Fischgrät oder Noppen?

Welche Sohle eignet sich für welchen Belag? Hier gibt’s eine Übersicht - Ok, zum Tennisspielen braucht man vor allem eines: einen Schläger. Eine Saite ist auch nicht verkehrt und auch Bälle sind ein durchaus sinnvoller Bestandteil der Ausrüstung. Das wichtigste der „nicht-essenziellen“ Tennis-Utensilien dürften wohl die Schuhe sein. Denn man könnte – rein theoretisch wohlgemerkt – ja auch barfuß spielen oder auf Socken, aber wer das schon mal probiert hat weiß, dass das nur theoretisch geht.

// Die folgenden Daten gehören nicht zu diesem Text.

lemma tree_step_block_cases:
  assumes "1 \<le> nat \<bar>k\<bar>" "nat \<bar>k'\<bar> = nat \<bar>k\<bar> - 1"
    and "1 \<le> j" "c' = 2 * j - 1 \<or> c' = 2 * j"
    and "1 \<le> m" "c = 2 * m - 1 \<or> c = 2 * m"
  shows "((k', c') \<in> block g c \<longleftrightarrow> (k, j) \<in> block g c) \<or> (nat \<bar>k\<bar> = Suc g \<and> j = m)"
proof (cases "nat \<bar>k\<bar> \<le> g")
  case True
  then show ?thesis using block_step_iff assms(1-4) by blast
next
  case False
  have "j = m" if "(k', c') \<in> block g c" "nat \<bar>k\<bar> = Suc g"
  proof -
    have "c' - 1 = c - 1" using that assms(2) by simp
    moreover have "1 \<le> c'" "1 \<le> c" using assms(3-6) by auto
    ultimately have "c' = c" by arith
    then show ?thesis
      using child_index_div2[OF assms(3,4)] child_index_div2[OF assms(5,6)] assms(3,5) by simp
  qed
  moreover have "(k', c') \<notin> block g c" if "nat \<bar>k\<bar> \<noteq> Suc g"
    using that False assms(2) by auto
  ultimately show ?thesis using False by auto
qed

lemma H_arc_block_cases:
  assumes arc: "H_arc l x y" and "1 \<le> g" "1 \<le> m" "c = 2 * m - 1 \<or> c = 2 * m"
  shows "(x \<in> block g c \<longleftrightarrow> y \<in> block g c) \<or> x \<in> block_roots (Suc g) m"
proof -
  from arc consider
      (down) h j c' where "1 \<le> h" "1 \<le> j" "c' = 2 * j - 1 \<or> c' = 2 * j" "x = (h, j)" "y = (h - 1, c')"
    | (up) h j c' where "h \<le> -1" "1 \<le> j" "c' = 2 * j - 1 \<or> c' = 2 * j" "x = (h, j)" "y = (h + 1, c')"
    | (root) "x = (int l, 1)" "y = (- int l, 1)"
    | (leaf) j where "1 \<le> j" "x = (0, 2 * j - 1)" "y = (0, 2 * j)"
    unfolding H_arc_def by blast
  then show ?thesis
  proof cases
    case (down h j c')
    have "nat \<bar>h - 1\<bar> = nat \<bar>h\<bar> - 1" "1 \<le> nat \<bar>h\<bar>" using down(1) by auto
    from tree_step_block_cases[OF this(2,1) down(2,3) assms(3,4), of g]
    show ?thesis using down(1,4,5) by (auto simp: block_roots_def)
  next
    case (up h j c')
    have "nat \<bar>h + 1\<bar> = nat \<bar>h\<bar> - 1" "1 \<le> nat \<bar>h\<bar>" using up(1) by auto
    from tree_step_block_cases[OF this(2,1) up(2,3) assms(3,4), of g]
    show ?thesis using up(1,4,5) by (auto simp: block_roots_def)
  next
    case root
    then show ?thesis by simp
  next
    case (leaf j)
    \<comment> \<open>the matched leaves are the two children of v_{1,j}\<close>
    have "(0, c') \<in> block g c \<longleftrightarrow> (1, j) \<in> block g c" if "c' = 2 * j - 1 \<or> c' = 2 * j" for c'
      by (rule block_step_iff) (use assms(2) leaf(1) that in auto)
    then show ?thesis using leaf(2,3) by blast
  qed
qed

lemma H_adj_leaving_block:
  assumes "H_adj l v w" "v \<in> block g c" "w \<notin> block g c"
    and "1 \<le> g" "1 \<le> m" "c = 2 * m - 1 \<or> c = 2 * m"
  shows "w \<in> block_roots (Suc g) m"
  using assms H_arc_block_cases[of l v w g m c] H_arc_block_cases[of l w v g m c]
    block_roots_disjoint[of g m c]
  unfolding H_adj_def by blast

lemma H_path_avoids_a_sibling_block:
  assumes path: "H_path l p" and "1 \<le> g" "1 \<le> m"
    and ends: "hd p \<notin> block g (2 * m - 1) \<union> block g (2 * m)"
      "last p \<notin> block g (2 * m - 1) \<union> block g (2 * m)"
  shows "set p \<inter> block g (2 * m - 1) = {} \<or> set p \<inter> block g (2 * m) = {}"
proof (rule ccontr)
  assume both: "\<not> ?thesis"
  have dist: "distinct p" and adj: "\<And>i. Suc i < length p \<Longrightarrow> H_adj l (p ! i) (p ! Suc i)"
    using path by (auto simp: H_path_def)
  let ?R = "{(int (Suc g), m), (- int (Suc g), m)}"
  have enters: "\<exists>i. Suc i < length p \<and> p ! i \<in> ?R \<and> (\<forall>k<i. p ! k \<notin> ?R) \<and> p ! Suc i \<in> block g c"
    if "c = 2 * m - 1 \<or> c = 2 * m" "set p \<inter> block g c \<noteq> {}" for c
  proof -
    have "w \<in> ?R" if "v \<in> block g c" "w \<notin> block g c" "H_adj l v w \<or> H_adj l w v" for v w
      using H_adj_leaving_block[of l v w g c m] that \<open>1 \<le> g\<close> \<open>1 \<le> m\<close> \<open>c = 2 * m - 1 \<or> c = 2 * m\<close>
      unfolding block_roots_def H_adj_def by blast
    then show ?thesis
      using path_enters_after_first_boundary_vertex[where adj = "H_adj l", OF dist adj, of "block g c"]
        ends that(1,2) by blast
  qed
  obtain i where i: "p ! i \<in> ?R" "\<forall>k<i. p ! k \<notin> ?R" "p ! Suc i \<in> block g (2 * m - 1)"
    using enters[of "2 * m - 1"] both by blast
  obtain i' where i': "p ! i' \<in> ?R" "\<forall>k<i'. p ! k \<notin> ?R" "p ! Suc i' \<in> block g (2 * m)"
    using enters[of "2 * m"] both by blast
  have "i = i'" using i(1,2) i'(1,2) by (meson linorder_neqE_nat)
  then show False using i(3) i'(3) block_children_disjoint[OF \<open>1 \<le> m\<close>, of g] by blast
qed

lemma card_Int_block_Suc_le:
  assumes "1 \<le> j"
  shows "card (A \<inter> block (Suc g) j) \<le> 2 + card (A \<inter> block g (2 * j - 1)) + card (A \<inter> block g (2 * j))"
proof -
  let ?R = "A \<inter> block_roots (Suc g) j" and ?C\<^sub>1 = "A \<inter> block g (2 * j - 1)" and ?C\<^sub>2 = "A \<inter> block g (2 * j)"
  have "card ?R \<le> card (block_roots (Suc g) j)"
    by (rule card_mono) (auto simp: block_roots_def)
  also have "\<dots> \<le> 2" by (simp add: block_roots_def card_insert_if)
  finally have R: "card ?R \<le> 2" .
  have "A \<inter> block (Suc g) j = ?R \<union> ?C\<^sub>1 \<union> ?C\<^sub>2"
    using block_Suc[OF assms] by blast
  then have "card (A \<inter> block (Suc g) j) \<le> card (?R \<union> ?C\<^sub>1) + card ?C\<^sub>2"
    by (simp only: card_Un_le)
  also have "\<dots> \<le> card ?R + card ?C\<^sub>1 + card ?C\<^sub>2"
    using card_Un_le[of ?R ?C\<^sub>1] by simp
  finally show ?thesis using R by simp
qed

lemma card_Int_block_children_le:
  assumes "finite E" "1 \<le> j"
  shows "card (E \<inter> block g (2 * j - 1)) + card (E \<inter> block g (2 * j)) \<le> card (E \<inter> block (Suc g) j)"
proof -
  have "card (E \<inter> block g (2 * j - 1)) + card (E \<inter> block g (2 * j))
      = card ((E \<inter> block g (2 * j - 1)) \<union> (E \<inter> block g (2 * j)))"
    using assms block_children_disjoint[OF assms(2), of g] by (intro card_Un_disjoint[symmetric]) auto
  also have "\<dots> \<le> card (E \<inter> block (Suc g) j)"
    using assms by (intro card_mono) (auto simp: block_Suc)
  finally show ?thesis .
qed
lemma convex_combination_le_two_point:
  fixes w a v :: "'k \<Rightarrow> real"
  assumes "finite K" and w_nonneg: "\<And>k. k \<in> K \<Longrightarrow> 0 \<le> w k" and w_sum: "(\<Sum>k\<in>K. w k) = 1"
  obtains p q \<tau> where "p \<in> K" "q \<in> K" "0 \<le> \<tau>" "\<tau> \<le> 1"
    "\<tau> * a p + (1 - \<tau>) * a q = (\<Sum>k\<in>K. w k * a k)"
    "(\<Sum>k\<in>K. w k * v k) \<le> \<tau> * v p + (1 - \<tau>) * v q"
proof -
  define z where "z = (\<Sum>k\<in>K. w k * a k)"
  define \<tau> where "\<tau> p q = (if a p = a q then 1 else (a q - z) / (a q - a p))" for p q
  define chord where "chord p q = \<tau> p q * v p + (1 - \<tau> p q) * v q" for p q
  define straddle where "straddle = {(p, q) \<in> K \<times> K. a p \<le> z \<and> z \<le> a q}"
  have \<tau>: "0 \<le> \<tau> p q" "\<tau> p q \<le> 1" "\<tau> p q * a p + (1 - \<tau> p q) * a q = z"
    if "(p, q) \<in> straddle" for p q
    using that by (auto simp: \<tau>_def straddle_def field_simps)
  have chord_eq: "chord p q = ((a q - z) * v p + (z - a p) * v q) / (a q - a p)" if "a p < a q" for p q
    using that by (simp add: chord_def \<tau>_def divide_simps)
  obtain p0 q0 where "(p0, q0) \<in> straddle"
    by (rule convex_combination_within_range[OF assms, of a]) (auto simp: straddle_def z_def)
  moreover have "finite straddle"
    using \<open>finite K\<close> by (auto simp: straddle_def intro: finite_subset[of _ "K \<times> K"])
  ultimately obtain p q where pq: "(p, q) \<in> straddle"
    and pq_max: "\<And>p' q'. (p', q') \<in> straddle \<Longrightarrow> chord p' q' \<le> chord p q"
    using ex_is_arg_min_if_finite[of straddle "\<lambda>(p, q). - chord p q"]
    by (fastforce simp: is_arg_min_linorder)
  obtain \<sigma> where below: "\<And>k. k \<in> K \<Longrightarrow> v k \<le> chord p q + \<sigma> * (a k - z)"
  proof (rule finite_points_below_line[OF \<open>finite K\<close>])
    show "((a q' - z) * v p' + (z - a p') * v q') / (a q' - a p') \<le> chord p q"
      if "p' \<in> K" "q' \<in> K" "a p' < z" "z < a q'" for p' q'
      using that pq_max[of p' q'] chord_eq[of p' q'] by (simp add: straddle_def)
    show "v k \<le> chord p q" if "k \<in> K" "a k = z" for k
      using that pq_max[of k k] by (simp add: straddle_def chord_def \<tau>_def)
  qed blast
  have "(\<Sum>k\<in>K. w k * v k) \<le> (\<Sum>k\<in>K. w k * (chord p q + \<sigma> * (a k - z)))"
    by (intro sum_mono mult_left_mono below w_nonneg)
  also have "\<dots> = chord p q * (\<Sum>k\<in>K. w k) + \<sigma> * ((\<Sum>k\<in>K. w k * a k) - z * (\<Sum>k\<in>K. w k))"
    by (simp add: algebra_simps sum.distrib sum_subtractf sum_distrib_left sum_distrib_right)
  also have "\<dots> = chord p q"
    by (simp add: w_sum z_def)
  finally show ?thesis
    using that[of p q "\<tau> p q"] pq \<tau>[OF pq] by (auto simp: straddle_def chord_def z_def)
qed

section \<open>The concave envelope as a supremum of two-point combinations\<close>

lemma ereal_SUP_add_SUP_le:
  fixes f :: "'a \<Rightarrow> ereal" and g :: "'b \<Rightarrow> ereal"
  assumes "A \<noteq> {}" "B \<noteq> {}" "(SUP a\<in>A. f a) \<noteq> \<infinity>" "(SUP b\<in>B. g b) \<noteq> \<infinity>"
    and le: "\<And>a b. a \<in> A \<Longrightarrow> b \<in> B \<Longrightarrow> f a + g b \<le> z"
  shows "(SUP a\<in>A. f a) + (SUP b\<in>B. g b) \<le> z"
proof (cases "(SUP b\<in>B. g b) = -\<infinity>")
  case True
  then show ?thesis
    using assms(3) by (cases "SUP a\<in>A. f a") auto
next
  case False
  have "f a + (SUP b\<in>B. g b) \<le> z" if "a \<in> A" for a
  proof (cases "f a = -\<infinity>")
    case True
    then show ?thesis
      using assms(4) by (cases "SUP b\<in>B. g b") auto
  next
    case False
    then show ?thesis
      using le \<open>a \<in> A\<close> by (auto simp flip: SUP_ereal_add_right[OF \<open>B \<noteq> {}\<close>] intro: SUP_least)
  qed
  then show ?thesis
    using False by (auto simp flip: SUP_ereal_add_left[OF \<open>A \<noteq> {}\<close>] intro: SUP_least)
qed

definition two_point_split :: "'i set \<Rightarrow> real \<Rightarrow> 'i \<times> 'i \<times> real \<times> real \<times> real \<Rightarrow> bool" where
  "two_point_split I \<mu> c \<longleftrightarrow> (case c of (i, j, t, m1, m2) \<Rightarrow>
     i \<in> I \<and> j \<in> I \<and> 0 \<le> t \<and> t \<le> 1 \<and> t * m1 + (1 - t) * m2 = \<mu>)"

definition two_point_value :: "('i \<Rightarrow> real \<Rightarrow> ereal) \<Rightarrow> 'i \<times> 'i \<times> real \<times> real \<times> real \<Rightarrow> ereal" where
  "two_point_value G c = (case c of (i, j, t, m1, m2) \<Rightarrow> ereal t * G i m1 + ereal (1 - t) * G j m2)"

definition two_point_hull :: "('i \<Rightarrow> real \<Rightarrow> ereal) \<Rightarrow> 'i set \<Rightarrow> real \<Rightarrow> ereal" where
  "two_point_hull G I \<mu> = (SUP c \<in> Collect (two_point_split I \<mu>). two_point_value G c)"

lemma two_point_split_diag: "i \<in> I \<Longrightarrow> two_point_split I \<mu> (i, i, 1, \<mu>, \<mu>)"
  by (simp add: two_point_split_def)

lemma two_point_value_diag: "two_point_value G (i, i, 1, \<mu>, \<mu>) = G i \<mu>"
  by (simp add: two_point_value_def zero_ereal_def[symmetric])

lemma two_point_value_le:
  assumes "\<And>i x. i \<in> I \<Longrightarrow> G i x \<le> ereal B" and "two_point_split I \<mu> c"
  shows "two_point_value G c \<le> ereal B"
proof -
  obtain i j t m1 m2 where c: "c = (i, j, t, m1, m2)"
    by (cases c)
  have "ereal t * G i m1 + ereal (1 - t) * G j m2 \<le> ereal t * ereal B + ereal (1 - t) * ereal B"
    using assms by (intro add_mono ereal_mult_left_mono) (auto simp: c two_point_split_def)
  then show ?thesis
    by (simp add: c two_point_value_def algebra_simps)
qed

Jetzt aber mal im Ernst: Der richtige Schuh ist vielleicht nicht so entscheidend wie der richtige Schläger und die passende Saite. Aber mit schlecht sitzenden oder unpassenden Schuhen ist das Ganze auch kein Vergnügen. Stellt sich nur die Frage: Welche Schuhe passen zu welchem Bodenbelag? Fangen wir mit dem leichtesten Fall an: der klassische Teppichboden. Hier ist die Antwort ganz klar: es müssen Schuhe mit komplett glatter Sohle sein. Sonst schmeißt uns der Hallenwart (mit Recht) raus, da Profilschuhe den Teppich zu schnell kaputt machen würden.

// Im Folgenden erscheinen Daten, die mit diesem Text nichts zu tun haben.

(* If $\beta=\alpha$, then for $k,\ell\ge 1$: \begin{eqnarray*} |u(3k-1)-u(3k-2)| & = & |u(3k-2)-u(3k-3)|,\\ |v(3k)-v(3k-1)| & = & |v(3k-1)-v(3k-2)|,\\ |w(3k+1)-w(3k)| & = & |w(3k)-w(3k-1)|,\\ |u((3\ell-1)\omega)-u((3\ell-2)\omega)| & = & |u((3\ell-2)\omega)-u((3\ell-3)\omega)|,\\ |v(3\ell\omega)-v((3\ell-1)\omega)| & = & |v((3\ell-1)\omega)-v((3\ell-2)\omega)|,\\ |w((3\ell+1)\omega)-w(3\ell\omega)| & = & |w(3\ell\omega)-w((3\ell-1)\omega)|. \end{eqnarray*}
   Context: Here $\omega=e^{2\pi i/3}$, and $u,v,w$ are the fields on the sector $\{k+\ell\omega: k,\ell\ge0\}$ of the regular triangular lattice obtained from the $fgh$--system with the constraints \[ \alpha u=k\frac{f_0g_0f_3}{f_0g_0+g_0f_3+f_3g_3}+\ell\frac{f_2g_2f_5}{f_2g_2+g_2f_5+f_5g_5}+m\frac{f_4g_4f_1}{f_4g_4+g_4f_1+f_1g_1},\quad \beta v=k\frac{g_0f_3g_3}{f_0g_0+g_0f_3+f_3g_3}+\ell\frac{g_2f_5g_5}{f_2g_2+g_2f_5+f_5g_5}+m\frac{g_4f_1g_1}{f_4g_4+g_4f_1+f_1g_1} \] at every vertex $\mathfrak{z}=k+\ell\omega+m\omega^2$ (with $f_j,g_j$ the increments of $u,v$ along $(\mathfrak{z},\mathfrak{z}+1)$, $(\mathfrak{z}-\omega^2,\mathfrak{z})$, $(\mathfrak{z},\mathfrak{z}+\omega)$, $(\mathfrak{z}-1,\mathfrak{z})$, $(\mathfrak{z},\mathfrak{z}+\omega^2)$, $(\mathfrak{z}-\omega,\mathfrak{z})$ for $j=0,\dots,5$), $u(0)=v(0)=w(0)=0$, and initial conditions $u(1)=v(1)=1$, $u(\omega)=v(\omega)=e^{i\theta}$, $0<\theta<\pi$; $w$ is defined by $w(\mathfrak{z}_2)-w(\mathfrak{z}_1)=1/((u(\mathfrak{z}_2)-u(\mathfrak{z}_1))(v(\mathfrak{z}_2)-v(\mathfrak{z}_1)))$ on positively oriented edges ($\mathfrak{z}_2-\mathfrak{z}_1\in\{1,\omega,\omega^2\}$). On the positive $k$-axis the constraint reduces to $\alpha u(k)=k\frac{f(k)g(k)f(k-1)}{f(k)g(k)+g(k)f(k-1)+f(k-1)g(k-1)}$, $\beta v(k)=k\frac{g(k)f(k-1)g(k-1)}{f(k)g(k)+g(k)f(k-1)+f(k-1)g(k-1)}$ with $f(k)=u(k+1)-u(k)$, $g(k)=v(k+1)-v(k)$, and analogously on the $\ell$-axis. *)

theory Defs
  imports "HOL-Analysis.Analysis"
begin

text \<open>Lattice points of the regular triangular lattice are encoded as pairs
  (k, l) of integers, standing for k + l*omega with omega = exp(2 pi i/3).
  Then 1 = (1,0), omega = (0,1) and omega^2 = -1-omega = (-1,-1).
  The sector is the set of (k,l) with k, l >= 0 (i.e. m = 0).\<close>

definition sector :: "(int \<times> int) set" where
  "sector = {(k, l). 0 \<le> k \<and> 0 \<le> l}"

definition pos_edge :: "int \<times> int \<Rightarrow> int \<times> int \<Rightarrow> bool" where
  "pos_edge z1 z2 \<longleftrightarrow>
     (fst z2 - fst z1, snd z2 - snd z1) \<in> {(1, 0), (0, 1), (-1, -1)}"

definition den_k :: "(int \<times> int \<Rightarrow> complex) \<Rightarrow> (int \<times> int \<Rightarrow> complex) \<Rightarrow> int \<Rightarrow> int \<Rightarrow> complex" where
  "den_k u v k l =
     (let f0 = u (k + 1, l) - u (k, l); g0 = v (k + 1, l) - v (k, l);
          f3 = u (k, l) - u (k - 1, l); g3 = v (k, l) - v (k - 1, l)
      in f0 * g0 + g0 * f3 + f3 * g3)"

definition den_l :: "(int \<times> int \<Rightarrow> complex) \<Rightarrow> (int \<times> int \<Rightarrow> complex) \<Rightarrow> int \<Rightarrow> int \<Rightarrow> complex" where
  "den_l u v k l =
     (let f2 = u (k, l + 1) - u (k, l); g2 = v (k, l + 1) - v (k, l);
          f5 = u (k, l) - u (k, l - 1); g5 = v (k, l) - v (k, l - 1)
      in f2 * g2 + g2 * f5 + f5 * g5)"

Nächster Extremfall ist Sand: Hier hat sich das klassische Fischgrät-Profil am besten bewährt. Es „beißt“ sich regelrecht in den Belag und sorgt – unter Belastung – für den nötigen Halt um nicht wegzurutschen.

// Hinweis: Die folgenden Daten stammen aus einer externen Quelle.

(* For every integer $N\ge 2$, every $\delta<0$ and every $\theta\in\mathbb{R}$, $$\lim_{\beta\to+\infty}E_r(\theta)=\begin{cases}\frac{N^2\theta}{2}\Big(\frac{1}{N-1}+H_N\Big) & \theta<-\delta,\\ N^2\theta H_N & \theta=-\delta,\\ \frac{N^2\theta}{2}\big(1+H_N\big) & \theta>-\delta,\end{cases}\qquad \lim_{\beta\to+\infty}E_p(\theta)=\begin{cases}\frac{N^2\theta}{2}\big(1+H_N\big) & \theta<-\delta,\\ N^2\theta H_N & \theta=-\delta,\\ \frac{N^2\theta}{2}\Big(H_N+\frac{1}{N-1}\Big) & \theta>-\delta.\end{cases}$$
   Context: Fix an integer $N\ge 2$ and $\delta<0$. For $\beta>0$ and $\theta\in\mathbb{R}$ put $x=\beta(\theta+\delta)$; for $1\le i\le N-1$ define $u_{i,i+1}=\frac{i(N-i)}{N^2}(1+e^{-x})^{-1}$, $u_{i,i-1}=\frac{i(N-i)}{N^2}(1+e^{x})^{-1}$, $u_{i,i}=1-u_{i,i+1}-u_{i,i-1}$, $u_{i,j}=0$ for $|i-j|\ge2$; let $U=(u_{ij})_{i,j=1}^{N-1}$, $(n_{ij})_{i,j=1}^{N-1}=(I-U)^{-1}$, and $E_r(\theta)=\frac{\theta}{2}\sum_{i=1}^{N-1}(n_{1i}+n_{N-1,i})\,i$, $E_p(\theta)=\frac{\theta}{2}\sum_{i=1}^{N-1}(n_{1i}+n_{N-1,i})(N-i)$ (these depend on $\beta$). Here $H_N=\sum_{j=1}^{N-1}\frac1j$. *)

theory Defs
  imports Complex_Main "Jordan_Normal_Form.Gauss_Jordan_Elimination"
begin

(* Transition probabilities u_{ij}, indices i,j in {1..N-1}; x = beta*(theta+delta). *)
definition u_entry :: "nat \<Rightarrow> real \<Rightarrow> nat \<Rightarrow> nat \<Rightarrow> real" where
  "u_entry N x i j =
     (let c = real (i * (N - i)) / (real N)^2;
          up = c / (1 + exp (- x));
          down = c / (1 + exp x)
      in if j = i + 1 then up
         else if j + 1 = i then down
         else if j = i then 1 - up - down
         else 0)"

(* U as an (N-1)x(N-1) matrix; 0-based entry (a,b) stores u_{a+1,b+1} *)
definition U_mat :: "nat \<Rightarrow> real \<Rightarrow> real \<Rightarrow> real \<Rightarrow> real mat" where
  "U_mat N delta beta theta =
     mat (N - 1) (N - 1) (\<lambda>(a, b). u_entry N (beta * (theta + delta)) (a + 1) (b + 1))"

(* fundamental matrix (I - U)^{-1}; 0-based entry (a,b) stores n_{a+1,b+1} *)
definition fund_mat :: "nat \<Rightarrow> real \<Rightarrow> real \<Rightarrow> real \<Rightarrow> real mat" where
  "fund_mat N delta beta theta =
     the (mat_inverse (1\<^sub>m (N - 1) - U_mat N delta beta theta))"

(* n_{ij} for 1 <= i,j <= N-1 *)
definition nn :: "nat \<Rightarrow> real \<Rightarrow> real \<Rightarrow> real \<Rightarrow> nat \<Rightarrow> nat \<Rightarrow> real" where
  "nn N delta beta theta i j = fund_mat N delta beta theta $$ (i - 1, j - 1)"

definition E_r :: "nat \<Rightarrow> real \<Rightarrow> real \<Rightarrow> real \<Rightarrow> real" where
  "E_r N delta beta theta = theta / 2 *
     (\<Sum>i = 1..N - 1. (nn N delta beta theta 1 i + nn N delta beta theta (N - 1) i) * real i)"

definition E_p :: "nat \<Rightarrow> real \<Rightarrow> real \<Rightarrow> real \<Rightarrow> real" where
  "E_p N delta beta theta = theta / 2 *
     (\<Sum>i = 1..N - 1. (nn N delta beta theta 1 i + nn N delta beta theta (N - 1) i) * real (N - i))"

definition harm :: "nat \<Rightarrow> real" where
  "harm N = (\<Sum>j = 1..N - 1. 1 / real j)"

end

theory Submission
  imports Defs "Jordan_Normal_Form.Determinant" "HOL-Real_Asymp.Real_Asymp"
begin

text \<open>
  The matrix I - U depends on \<beta> only through the up-probability p = 1/(1 + exp(-x)), which
  tends to 1, 1/2 or 0 according as \<theta> + \<delta> is positive, zero or negative. Matrix inversion is
  continuous at invertible matrices (Cramer's rule), so the fundamental matrix converges to the
  inverse of the limiting I - U. In the three limits the chain is a pure upward walk, a symmetric
  walk or a pure downward walk, each slowed down by the holding probabilities 1 - c(j) with
  c(j) = j (N - j) / N^2, and its Green's function is explicit. Since j / c(j) = N^2 / (N - j)
  and (N - j) / c(j) = N^2 / j, the weighted row sums defining E_r and E_p become harmonic numbers.
\<close>

lemma tendsto_det:
  fixes A :: "'a \<Rightarrow> 'b::real_normed_field mat"
  assumes "\<And>t. A t \<in> carrier_mat n n" and "L \<in> carrier_mat n n"
    and "\<And>i j. i < n \<Longrightarrow> j < n \<Longrightarrow> ((\<lambda>t. A t $$ (i, j)) \<longlongrightarrow> L $$ (i, j)) F"
  shows "((\<lambda>t. det (A t)) \<longlongrightarrow> det L) F"
  unfolding det_def'[OF assms(1)] det_def'[OF assms(2)]
  by (intro tendsto_intros assms(3)) (auto simp: permutes_in_image)

lemma tendsto_cofactor:
  fixes A :: "'a \<Rightarrow> 'b::real_normed_field mat"
  assumes A: "\<And>t. A t \<in> carrier_mat n n" and L: "L \<in> carrier_mat n n"
    and lim: "\<And>i j. i < n \<Longrightarrow> j < n \<Longrightarrow> ((\<lambda>t. A t $$ (i, j)) \<longlongrightarrow> L $$ (i, j)) F"
    and "i < n" "j < n"
  shows "((\<lambda>t. cofactor (A t) i j) \<longlongrightarrow> cofactor L i j) F"
proof -
  have "((\<lambda>t. det (mat_delete (A t) i j)) \<longlongrightarrow> det (mat_delete L i j)) F"
  proof (rule tendsto_det)
    show "\<And>t. mat_delete (A t) i j \<in> carrier_mat (n - 1) (n - 1)" "mat_delete L i j \<in> carrier_mat (n - 1) (n - 1)"
      using A L by (blast intro: mat_delete_carrier)+
    fix a b assume "a < n - 1" "b < n - 1"
    moreover have "\<And>t. dim_row (A t) = n \<and> dim_col (A t) = n"
      using A by blast
    ultimately show "((\<lambda>t. mat_delete (A t) i j $$ (a, b)) \<longlongrightarrow> mat_delete L i j $$ (a, b)) F"
      using L by (simp add: mat_delete_def) (intro conjI impI lim; simp)
  qed
  then show ?thesis
    unfolding cofactor_def by (intro tendsto_intros)
qed

lemma right_inverse_entry_cofactor:
  fixes A :: "'a::field mat"
  assumes A: "A \<in> carrier_mat n n" and B: "B \<in> carrier_mat n n" and AB: "A * B = 1\<^sub>m n"
    and ij: "i < n" "j < n"
  shows "B $$ (i, j) = cofactor A j i / det A"
proof -
  have "det A * det B = 1"
    using det_mult[OF A B] AB by simp
  then have "det A \<noteq> 0" by auto
  have "adj_mat A = adj_mat A * (A * B)"
    using AB adj_mat(1)[OF A] by simp
  also have "\<dots> = (adj_mat A * A) * B"
    using adj_mat(1)[OF A] A B by (simp add: assoc_mult_mat)
  also have "\<dots> = det A \<cdot>\<^sub>m B"
    using adj_mat(3)[OF A] B by (simp add: mult_smult_assoc_mat[OF one_carrier_mat B])
  finally have "cofactor A j i = det A * B $$ (i, j)"
    using ij A B by (metis adj_mat_def carrier_matD index_mat(1) index_smult_mat(1) split_conv)
  with \<open>det A \<noteq> 0\<close> show ?thesis by simp
qed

Von oben: glatte Teppichsohle, Fischgrät-Sandplatzprofil, Omni-Sohle und ein typisches Allcourt-/Hartplatz-Profil.

Von oben: glatte Teppichsohle, Fischgrät-Sandplatzprofil, Omni-Sohle und ein typisches Allcourt-/Hartplatz-Profil.

Es gibt aber auch durchaus Tennisspieler, die brauchen kein solch ausgeprägtes Profil. Einer der besten deutschen Nachwuchsspieler trägt auf Sand einen Babolat Team Omni – ein Schuh mit eher leichtem Profil. Viele „Fischgrät-Freaks“ würden damit wohl eher laufen wie auf Eiern. Der Junge aber legt eine fantastische Beinarbeit auf den Platz.

Eigentlich sind Schuhe wie der Omni ja eher für sandverfüllte Kunstrasenplätze oder Granulat gedacht. Die Gretchenfrage auf diesen Böden ist dabei immer: rutschen oder nicht rutschen? Denn das Problem ist oft, dass der Sand beziehungsweise das Granulat nicht gut verteilt ist. Versucht man nun an einer Stelle zu rutschen, auf der nichts liegt, dann ist die Gefahr eines uneleganten Überschlags groß. Wer daher eher zur Variante „nicht rutschen“ tendiert, der ist hier am ehesten mit Fischgrätprofil gut bedient. Ansonsten sind tatsächlich die Omni-Sohlen erste Wahl.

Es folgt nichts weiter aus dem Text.